Aggregating#

Let’s start with an unaggregated time series.

import onetick.py as otp

q = otp.DataSource('NYSE_TAQ', tick_type='TRD')
q = q[['PRICE', 'SIZE', 'COND', 'EXCHANGE']]
otp.run(q, start=otp.dt(2023, 3, 29, 9, 30), end=otp.dt(2023, 3, 29, 16), symbols=['SPY'])
Time PRICE SIZE COND EXCHANGE
0 2023-03-29 09:30:00.000877568 399.920 400 T P
1 2023-03-29 09:30:00.001151232 399.920 1000 T T
2 2023-03-29 09:30:00.001154304 399.920 1000 T T
3 2023-03-29 09:30:00.001921280 399.930 657 T T
4 2023-03-29 09:30:00.010831360 399.925 100 F Z
... ... ... ... ... ...
537609 2023-03-29 15:59:59.994555136 401.350 643 F P
537610 2023-03-29 15:59:59.995045376 401.350 900 F P
537611 2023-03-29 15:59:59.997313024 401.340 100 Z
537612 2023-03-29 15:59:59.997354752 401.340 498 N
537613 2023-03-29 15:59:59.997406208 401.340 200 T

537614 rows × 5 columns

Let’s make a note of the total number of trades.
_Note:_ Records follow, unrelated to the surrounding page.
(* Let $(R,+,\times)$ be a finite ring with identity $1$, of order $n$, and let $G$ be a subgroup of the multiplicative group $R^\times$ of invertible elements of $R$, with $k=|G|$. Let $f_G$ be the coset index function induced by $G$. If $$(G-1)\setminus\{0\}\subset R^\times,\qquad\text{where } G-1=\{g-1\mid g\in G\},$$ then $f_G$ is an $\left(n,\frac{n-1}{k}+1,k-1\right)$ zero-difference balanced function from $(R,+)$ to $\mathbb{Z}_m$, where $m=\frac{n-1}{k}+1$.
   Context: For a subgroup $G$ of $R^\times$ and $r\in R$, the coset $rG=\{rg\mid g\in G\}$; the sets $rG$ ($r\in R$) form a partition $D_G$ of $R$. The coset index function induced by $G$ is $f_G(x)=h_G(C_x)$, where $C_x\in D_G$ is the coset containing $x$ and $h_G:D_G\to\mathbb{Z}_{|D_G|}$ is a fixed bijection. Definition: for finite abelian groups $A,B$, a function $f:A\to B$ is an $(n,m,\lambda)$ zero-difference balanced function (ZDBF) if $n=|A|$, $m=|f(A)|$, and for every nonzero $a\in A$, $|\{x\in A\mid f(x+a)-f(x)=0\}|=\lambda$. *)

theory Defs
  imports Main
begin

definition ring_units :: "'a::ring_1 set" where
  "ring_units = {u. \<exists>v. u * v = 1 \<and> v * u = 1}"

definition subgroup_of_units :: "'a::ring_1 set \<Rightarrow> bool" where
  "subgroup_of_units G \<longleftrightarrow> G \<subseteq> ring_units \<and> 1 \<in> G \<and>
     (\<forall>a\<in>G. \<forall>b\<in>G. a * b \<in> G) \<and> (\<forall>a\<in>G. \<exists>b\<in>G. a * b = 1 \<and> b * a = 1)"

definition coset :: "'a::ring_1 \<Rightarrow> 'a set \<Rightarrow> 'a set" where
  "coset r G = (\<lambda>g. r * g) ` G"

definition coset_partition :: "'a::ring_1 set \<Rightarrow> 'a set set" where
  "coset_partition G = range (\<lambda>r. coset r G)"

definition coset_index_fun :: "('a set \<Rightarrow> int) \<Rightarrow> 'a::ring_1 set \<Rightarrow> 'a \<Rightarrow> int" where
  "coset_index_fun h G x = h (coset x G)"

text \<open>(n,m,lambda) zero-difference balanced function from a finite abelian group A
  (the additive group of the finite type 'a) to Z_M, elements of Z_M represented by
  {0..<M} with subtraction modulo M.\<close>
definition zdbf_Zmod :: "('a::{finite,ab_group_add} \<Rightarrow> int) \<Rightarrow> int \<Rightarrow> nat \<Rightarrow> nat \<Rightarrow> nat \<Rightarrow> bool" where
  "zdbf_Zmod f M n m l \<longleftrightarrow> (\<forall>x. f x \<in> {0..<M}) \<and> n = card (UNIV :: 'a set) \<and> m = card (range f) \<and>
     (\<forall>a. a \<noteq> 0 \<longrightarrow> card {x. (f (x + a) - f x) mod M = 0} = l)"

end

theory Submission
  imports Defs
begin

text \<open>The hypothesis that every nonzero \<open>g - 1\<close> (\<open>g \<in> G\<close>) is a unit makes right multiplication
  by \<open>G\<close> act freely on \<open>R - {0}\<close>: from \<open>r g = r g'\<close> one gets \<open>r (g g'\<^sup>-\<^sup>1 - 1) = 0\<close>. Hence the
  nonzero cosets all have \<open>k\<close> elements and, together with \<open>{0}\<close>, there are \<open>(n - 1)/k + 1\<close> of them.
  For \<open>a \<noteq> 0\<close>, \<open>f\<^sub>G(x + a) = f\<^sub>G(x)\<close> means \<open>x + a = x g\<close>, i.e. \<open>x (g - 1) = a\<close>, for some \<open>g \<in> G - {1}\<close>;
  each such \<open>g\<close> has exactly one solution \<open>x = a (g - 1)\<^sup>-\<^sup>1\<close>, and different \<open>g\<close> give different \<open>x\<close>
  by freeness, so there are exactly \<open>k - 1\<close> such \<open>x\<close>.\<close>

lemma subgroup_of_units_one: "subgroup_of_units G \<Longrightarrow> 1 \<in> G"
  unfolding subgroup_of_units_def by blast

lemma coset_self_mem: "subgroup_of_units G \<Longrightarrow> x \<in> coset x G"
  unfolding coset_def by (force dest: subgroup_of_units_one)

lemma coset_zero: "subgroup_of_units G \<Longrightarrow> coset 0 G = {0}"
  unfolding coset_def by (auto dest: subgroup_of_units_one)

lemma coset_mult_right:
  fixes G :: "'a::ring_1 set"
  assumes G: "subgroup_of_units G" and g: "g \<in> G"
  shows "coset (y * g) G = coset y G"
proof
  show "coset (y * g) G \<subseteq> coset y G"
    using G g unfolding subgroup_of_units_def coset_def by (auto simp: mult.assoc)
next
  show "coset y G \<subseteq> coset (y * g) G"
  proof
    fix z assume "z \<in> coset y G"
    then obtain g' where g': "g' \<in> G" "z = y * g'" unfolding coset_def by auto
    obtain b where b: "b \<in> G" "g * b = 1"
      using G g unfolding subgroup_of_units_def by blast
    have "b * g' \<in> G" using G b g' unfolding subgroup_of_units_def by blast
    moreover have "z = y * g * (b * g')"
      using g' b by (metis mult.assoc mult_1_left)
    ultimately show "z \<in> coset (y * g) G" unfolding coset_def by auto
  qed
qed

lemma coset_eq_iff_mem:
  fixes G :: "'a::ring_1 set"
  assumes "subgroup_of_units G"
  shows "coset x G = coset y G \<longleftrightarrow> x \<in> coset y G"
proof
  show "x \<in> coset y G" if "coset x G = coset y G"
    using that coset_self_mem[OF assms, of x] by simp
  show "coset x G = coset y G" if x: "x \<in> coset y G"
  proof -
    obtain g where "g \<in> G" "x = y * g"
      using x unfolding coset_def by auto
    then show ?thesis
      using coset_mult_right[OF assms] by simp
  qed
qed

lemma coset_disjoint:
  fixes G :: "'a::ring_1 set"
  assumes "subgroup_of_units G" and "coset x G \<noteq> coset y G"
  shows "coset x G \<inter> coset y G = {}"
  using assms coset_eq_iff_mem[OF assms(1)] by blast

lemma zero_notin_coset:
  fixes G :: "'a::ring_1 set"
  assumes G: "subgroup_of_units G" and r: "r \<noteq> 0"
  shows "0 \<notin> coset r G"
proof
  assume "0 \<in> coset r G"
  then obtain g where g: "g \<in> G" "r * g = 0" unfolding coset_def by auto
  then obtain b where "g * b = 1" using G unfolding subgroup_of_units_def by blast
  then have "r = r * g * b" by (simp add: mult.assoc)
  with g r show False by simp
qed

lemma mult_left_cancel_subgroup:
  fixes G :: "'a::ring_1 set"
  assumes G: "subgroup_of_units G"
    and U: "\<forall>g\<in>G. g - 1 \<noteq> 0 \<longrightarrow> g - 1 \<in> ring_units"
    and r: "r \<noteq> 0" and g: "g \<in> G" "g' \<in> G" and eq: "r * g = r * g'"
  shows "g = g'"
proof -
  obtain b where b: "b \<in> G" "g' * b = 1" "b * g' = 1"
    using G g unfolding subgroup_of_units_def by blast
  have gb: "g * b \<in> G" using G g b unfolding subgroup_of_units_def by blast
  have "r * (g * b - 1) = r * g * b - r"
    by (simp add: algebra_simps)
  also have "\<dots> = r * g' * b - r"
    using eq by simp
  also have "\<dots> = 0"
    using b by (simp add: mult.assoc)
  finally have "r * (g * b - 1) = 0" .
  moreover have "g * b - 1 \<notin> ring_units"
  proof
    assume "g * b - 1 \<in> ring_units"
    then obtain v where "(g * b - 1) * v = 1" unfolding ring_units_def by blast
    then have "r = r * (g * b - 1) * v" by (simp add: mult.assoc)
    with \<open>r * (g * b - 1) = 0\<close> r show False by simp
  qed
  ultimately have "g * b = 1" using U gb by auto
  then have "g * b * g' = g'" by simp
  with b show "g = g'" by (simp add: mult.assoc)
qed

lemma card_coset:
  fixes G :: "'a::ring_1 set"
  assumes "subgroup_of_units G"
    and "\<forall>g\<in>G. g - 1 \<noteq> 0 \<longrightarrow> g - 1 \<in> ring_units"
    and "r \<noteq> 0"
  shows "card (coset r G) = card G"
  unfolding coset_def
  by (intro card_image inj_onI) (use assms mult_left_cancel_subgroup in blast)

lemma card_mult_card_nonzero_cosets:
  fixes G :: "'a::{ring_1,finite} set"
  assumes G: "subgroup_of_units G"
    and U: "\<forall>g\<in>G. g - 1 \<noteq> 0 \<longrightarrow> g - 1 \<in> ring_units"
  shows "card G * card ((\<lambda>r. coset r G) ` (- {0})) = card (UNIV :: 'a set) - 1"
proof -
  let ?P = "(\<lambda>r. coset r G) ` (- {0})"
  have "\<Union>?P = - {0}"
    using zero_notin_coset[OF G] coset_self_mem[OF G] by blast
  moreover have "card G * card ?P = card (\<Union>?P)"
    by (rule card_partition)
      (use card_coset[OF G U] coset_disjoint[OF G] in auto)
  ultimately show ?thesis
    by (simp add: Compl_eq_Diff_UNIV card_Diff_singleton)
qed

lemma card_coset_partition:
  fixes G :: "'a::{ring_1,finite} set"
  assumes G: "subgroup_of_units G"
    and U: "\<forall>g\<in>G. g - 1 \<noteq> 0 \<longrightarrow> g - 1 \<in> ring_units"
  shows "card G dvd card (UNIV :: 'a set) - 1"
    and "card (coset_partition G) = (card (UNIV :: 'a set) - 1) div card G + 1"
proof -
  let ?P = "(\<lambda>r. coset r G) ` (- {0})"
  note card_G = card_mult_card_nonzero_cosets[OF G U]
  show "card G dvd card (UNIV :: 'a set) - 1"
    using card_G by (metis dvd_triv_left)
  have "card G \<noteq> 0"
    using subgroup_of_units_one[OF G] by auto
  then have "(card (UNIV :: 'a set) - 1) div card G = card ?P"
    by (metis card_G nonzero_mult_div_cancel_left)
  moreover have "coset_partition G = insert {0} ?P"
    unfolding coset_partition_def using coset_zero[OF G] by (auto simp: image_iff)
  moreover have "{0} \<notin> ?P"
    using coset_self_mem[OF G] by (auto simp: image_iff)
  ultimately show "card (coset_partition G) = (card (UNIV :: 'a set) - 1) div card G + 1"
    by simp
qed

lemma card_solutions_mult_unit:
  fixes u :: "'a::ring_1"
  assumes "u \<in> ring_units"
  shows "card {x. x * u = a} = 1"
proof -
  obtain v where v: "u * v = 1" "v * u = 1"
    using assms unfolding ring_units_def by blast
  have "x * u = a \<longleftrightarrow> x = a * v" for x
    using v by (metis mult.assoc mult_1_right)
  then show ?thesis by simp
qed

lemma card_shift_into_coset:
  fixes G :: "'a::{ring_1,finite} set"
  assumes G: "subgroup_of_units G"
    and U: "\<forall>g\<in>G. g - 1 \<noteq> 0 \<longrightarrow> g - 1 \<in> ring_units"
    and a: "a \<noteq> 0"
  shows "card {x. x + a \<in> coset x G} = card G - 1"
proof -
  define S where "S g = {x. x * (g - 1) = a}" for g
  have shift_iff: "x + a \<in> coset x G \<longleftrightarrow> (\<exists>g\<in>G - {1}. x \<in> S g)" for x
    using a unfolding coset_def S_def by (force simp: algebra_simps)
  have "{x. x + a \<in> coset x G} = (\<Union>g\<in>G - {1}. S g)"
    using shift_iff by blast
  moreover have "S g \<inter> S g' = {}" if g: "g \<in> G" "g' \<in> G" "g \<noteq> g'" for g g'
  proof -
    have "x * g \<noteq> x * g'" if "x \<in> S g" for x
    proof -
      have "x \<noteq> 0"
        using that a by (auto simp: S_def)
      then show ?thesis
        using mult_left_cancel_subgroup[OF G U _ g(1,2)] g(3) by blast
    qed
    moreover have "x * g = x + a" if "x \<in> S g" for x g
      using that by (simp add: S_def algebra_simps)
    ultimately show ?thesis
      by (metis disjoint_iff)
  qed
  moreover have "card (S g) = 1" if "g \<in> G - {1}" for g
    unfolding S_def using U that by (intro card_solutions_mult_unit) auto
  ultimately have "card {x. x + a \<in> coset x G} = card (G - {1})"
    by (simp add: card_UN_disjoint)
  then show ?thesis
    using subgroup_of_units_one[OF G] by simp
qed

lemma mod_diff_eq_0_iff_eq:
  fixes a b M :: int
  assumes "a \<in> {0..<M}" "b \<in> {0..<M}"
  shows "(a - b) mod M = 0 \<longleftrightarrow> a = b"
  using assms by (auto simp: mod_eq_0_iff_dvd mod_eq_dvd_iff [symmetric] mod_pos_pos_trivial)

context
  fixes G :: "'a::ring_1 set" and h :: "'a set \<Rightarrow> int"
  assumes h: "bij_betw h (coset_partition G) {0..<int (card (coset_partition G))}"
begin

lemma coset_index_fun_mem: "coset_index_fun h G x \<in> {0..<int (card (coset_partition G))}"
  using h unfolding coset_index_fun_def coset_partition_def bij_betw_def by blast

lemma card_range_coset_index_fun: "card (range (coset_index_fun h G)) = card (coset_partition G)"
proof -
  have "range (coset_index_fun h G) = h ` coset_partition G"
    unfolding coset_index_fun_def coset_partition_def by auto
  then show ?thesis
    using h by (simp add: bij_betw_def card_image)
qed

lemma coset_index_fun_diff_mod_eq_0_iff:
  assumes G: "subgroup_of_units G"
  shows "(coset_index_fun h G (x + a) - coset_index_fun h G x) mod int (card (coset_partition G)) = 0
    \<longleftrightarrow> x + a \<in> coset x G"
proof -
  have "inj_on h (coset_partition G)"
    using h by (simp add: bij_betw_def)
  moreover have "coset y G \<in> coset_partition G" for y
    unfolding coset_partition_def by blast
  ultimately show ?thesis
    unfolding mod_diff_eq_0_iff_eq[OF coset_index_fun_mem coset_index_fun_mem]
    by (simp add: coset_index_fun_def inj_on_eq_iff coset_eq_iff_mem[OF G])
qed

end

theorem corollary2p4:
  fixes G :: "'a::{ring_1,finite} set" and h :: "'a set \<Rightarrow> int"
  assumes "subgroup_of_units G"
    and "bij_betw h (coset_partition G) {0..<int (card (coset_partition G))}"
    and "\<forall>g\<in>G. g - 1 \<noteq> 0 \<longrightarrow> g - 1 \<in> ring_units"
  shows "card G dvd (card (UNIV :: 'a set) - 1) \<and>
    zdbf_Zmod (coset_index_fun h G) (int ((card (UNIV :: 'a set) - 1) div card G + 1))
      (card (UNIV :: 'a set)) ((card (UNIV :: 'a set) - 1) div card G + 1) (card G - 1)"
  using card_coset_partition[OF assms(1,3)]
    coset_index_fun_mem[OF assms(2)] card_range_coset_index_fun[OF assms(2)]
    coset_index_fun_diff_mod_eq_0_iff[OF assms(2,1)] card_shift_into_coset[OF assms(1,3)]
  unfolding zdbf_Zmod_def by simp

end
We can aggregate over the entire queried interval.

q = otp.DataSource('NYSE_TAQ', tick_type='TRD')
q = q[['PRICE', 'SIZE', 'COND', 'EXCHANGE']]
q = q.agg({
    'volume': otp.agg.sum('SIZE'),
    'vwap': otp.agg.vwap('PRICE','SIZE')
})
otp.run(q, start=otp.dt(2023, 3, 29, 9, 30), end=otp.dt(2023, 3, 29, 16), symbols=['SPY'])
Time volume vwap
0 2023-03-29 16:00:00 68233701 399.760148

Or over fixed buckets (aka bars or windows).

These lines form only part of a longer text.